Listed entries below:
lemma integral_weighted_powr_le:
  fixes w h :: "'a::euclidean_space \<Rightarrow> real"
  assumes w: "(w has_integral W) S" and wh: "((\<lambda>t. w t * h t) has_integral P) S"
    and int: "(\<lambda>t. w t * h t powr r) integrable_on S"
    and nonneg: "\<And>t. t \<in> S \<Longrightarrow> 0 \<le> w t" "\<And>t. t \<in> S \<Longrightarrow> 0 \<le> h t"
    and r: "0 < r" "r \<le> 1" and W: "0 < W"
  shows "integral S (\<lambda>t. w t * h t powr r) \<le> W powr (1 - r) * P powr r"
proof -
  have P: "0 \<le> P"
    using has_integral_nonneg[OF wh] nonneg by auto
  have tangent: "integral S (\<lambda>t. w t * h t powr r) \<le> c powr (r - 1) * (r * P + (1 - r) * c * W)"
    if c: "0 < c" for c
  proof (rule has_integral_le[OF integrable_integral[OF int]])
    show "((\<lambda>t. c powr (r - 1) * (r * (w t * h t) + (1 - r) * c * w t)) has_integral
        c powr (r - 1) * (r * P + (1 - r) * c * W)) S"
      by (intro has_integral_mult_right has_integral_add wh w)
    fix t assume t: "t \<in> S"
    have "w t * h t powr r \<le> w t * (c powr (r - 1) * (r * h t + (1 - r) * c))"
      using powr_le_tangent[of "h t" c r] nonneg[OF t] c r by (intro mult_left_mono) auto
    then show "w t * h t powr r \<le> c powr (r - 1) * (r * (w t * h t) + (1 - r) * c * w t)"
      by (simp add: algebra_simps)
  qed
  show ?thesis
  proof (cases "P = 0")
    case False
    have "(P / W) powr (r - 1) * (r * P + (1 - r) * (P / W) * W) = (P / W) powr (r - 1) * P"
      using W by (simp add: field_simps)
    also have "\<dots> = W powr (1 - r) * P powr r"
      using P False W by (simp add: powr_diff powr_divide field_simps)
    finally show ?thesis
      using tangent[of "P / W"] P False W by simp
  next
    case True
    \<comment> \<open>the optimal tangent point \<open>P / W\<close> degenerates, so let \<open>c\<close> tend to \<open>0\<close> instead\<close>
    show ?thesis
    proof (rule field_le_epsilon)
      fix e :: real assume e: "0 < e"
      define c where "c = (e / W) powr (1 / r)"
      have c: "0 < c" "c powr r = e / W"
        using e W r by (simp_all add: c_def powr_powr)
      then have "c powr (r - 1) * c = e / W"
        by (simp add: powr_diff)
      then have "c powr (r - 1) * (r * P + (1 - r) * c * W) = (1 - r) * e"
        using True W by (simp add: field_simps)
      then have "integral S (\<lambda>t. w t * h t powr r) \<le> (1 - r) * e"
        using tangent[OF c(1)] by simp
      also have "\<dots> \<le> e"
        using e r by (simp add: algebra_simps)
      finally show "integral S (\<lambda>t. w t * h t powr r) \<le> W powr (1 - r) * P powr r + e"
        using True by simp
    qed
  qed
qed

lemma integral_abs_diff_mult_alpha_m_bound_le:
  fixes A B m \<alpha> l q :: real
  assumes AB: "0 \<le> A" "0 \<le> B" and m: "0 < m" and \<alpha>: "0 \<le> \<alpha>"
    and l: "0 \<le> l" "l \<le> 1" and q: "1 \<le> q"
  defines "h \<equiv> \<lambda>t. pow0 t \<alpha> * A + m * (1 - pow0 t \<alpha>) * B"
  shows "(\<lambda>t. \<bar>t - l\<bar> * h t powr (1 / q)) integrable_on {0..1}"
    and "integral {0..1} (\<lambda>t. \<bar>t - l\<bar> * h t powr (1 / q))
           \<le> A1 1 l powr (1 - 1 / q) * (A * A2 \<alpha> 1 l + m * B * A3 \<alpha> 1 l) powr (1 / q)"
proof -
  have h_nonneg: "0 \<le> h t" if "t \<in> {0..1}" for t
    using pow0_bounds[OF \<alpha> that] AB m unfolding h_def by (simp add: add_nonneg_nonneg)
  have "continuous_on {0..1} h"
    unfolding h_def
    by (intro continuous_intros continuous_on_subset[OF continuous_on_pow0[OF \<alpha>]]) auto
  then have "continuous_on {0..1} (\<lambda>t. \<bar>t - l\<bar> * h t powr (1 / q))"
    using h_nonneg q by (intro continuous_intros continuous_on_powr') auto
  then show int: "(\<lambda>t. \<bar>t - l\<bar> * h t powr (1 / q)) integrable_on {0..1}"
    by (rule integrable_continuous_interval)
  have "((\<lambda>t. A * (\<bar>t - l\<bar> * pow0 t \<alpha>) + m * B * (\<bar>t - l\<bar> - \<bar>t - l\<bar> * pow0 t \<alpha>)) has_integral
      A * A2 \<alpha> 1 l + m * B * (A1 1 l - A2 \<alpha> 1 l)) {0..1}"
    using has_integral_abs_diff[OF l] has_integral_abs_diff_mult_pow0[OF \<alpha> l]
    by (intro has_integral_add has_integral_mult_right has_integral_diff)
  then have "((\<lambda>t. \<bar>t - l\<bar> * h t) has_integral A * A2 \<alpha> 1 l + m * B * A3 \<alpha> 1 l) {0..1}"
    unfolding A3_def h_def by (simp add: algebra_simps)
  then show "integral {0..1} (\<lambda>t. \<bar>t - l\<bar> * h t powr (1 / q))
      \<le> A1 1 l powr (1 - 1 / q) * (A * A2 \<alpha> 1 l + m * B * A3 \<alpha> 1 l) powr (1 / q)"
    using integral_weighted_powr_le[OF has_integral_abs_diff[OF l] _ int] h_nonneg q A1_pos[OF l(1)]
    by auto
qed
End of Listed entries.
Check each line of the entries for the word "auto", then state the count alone.

5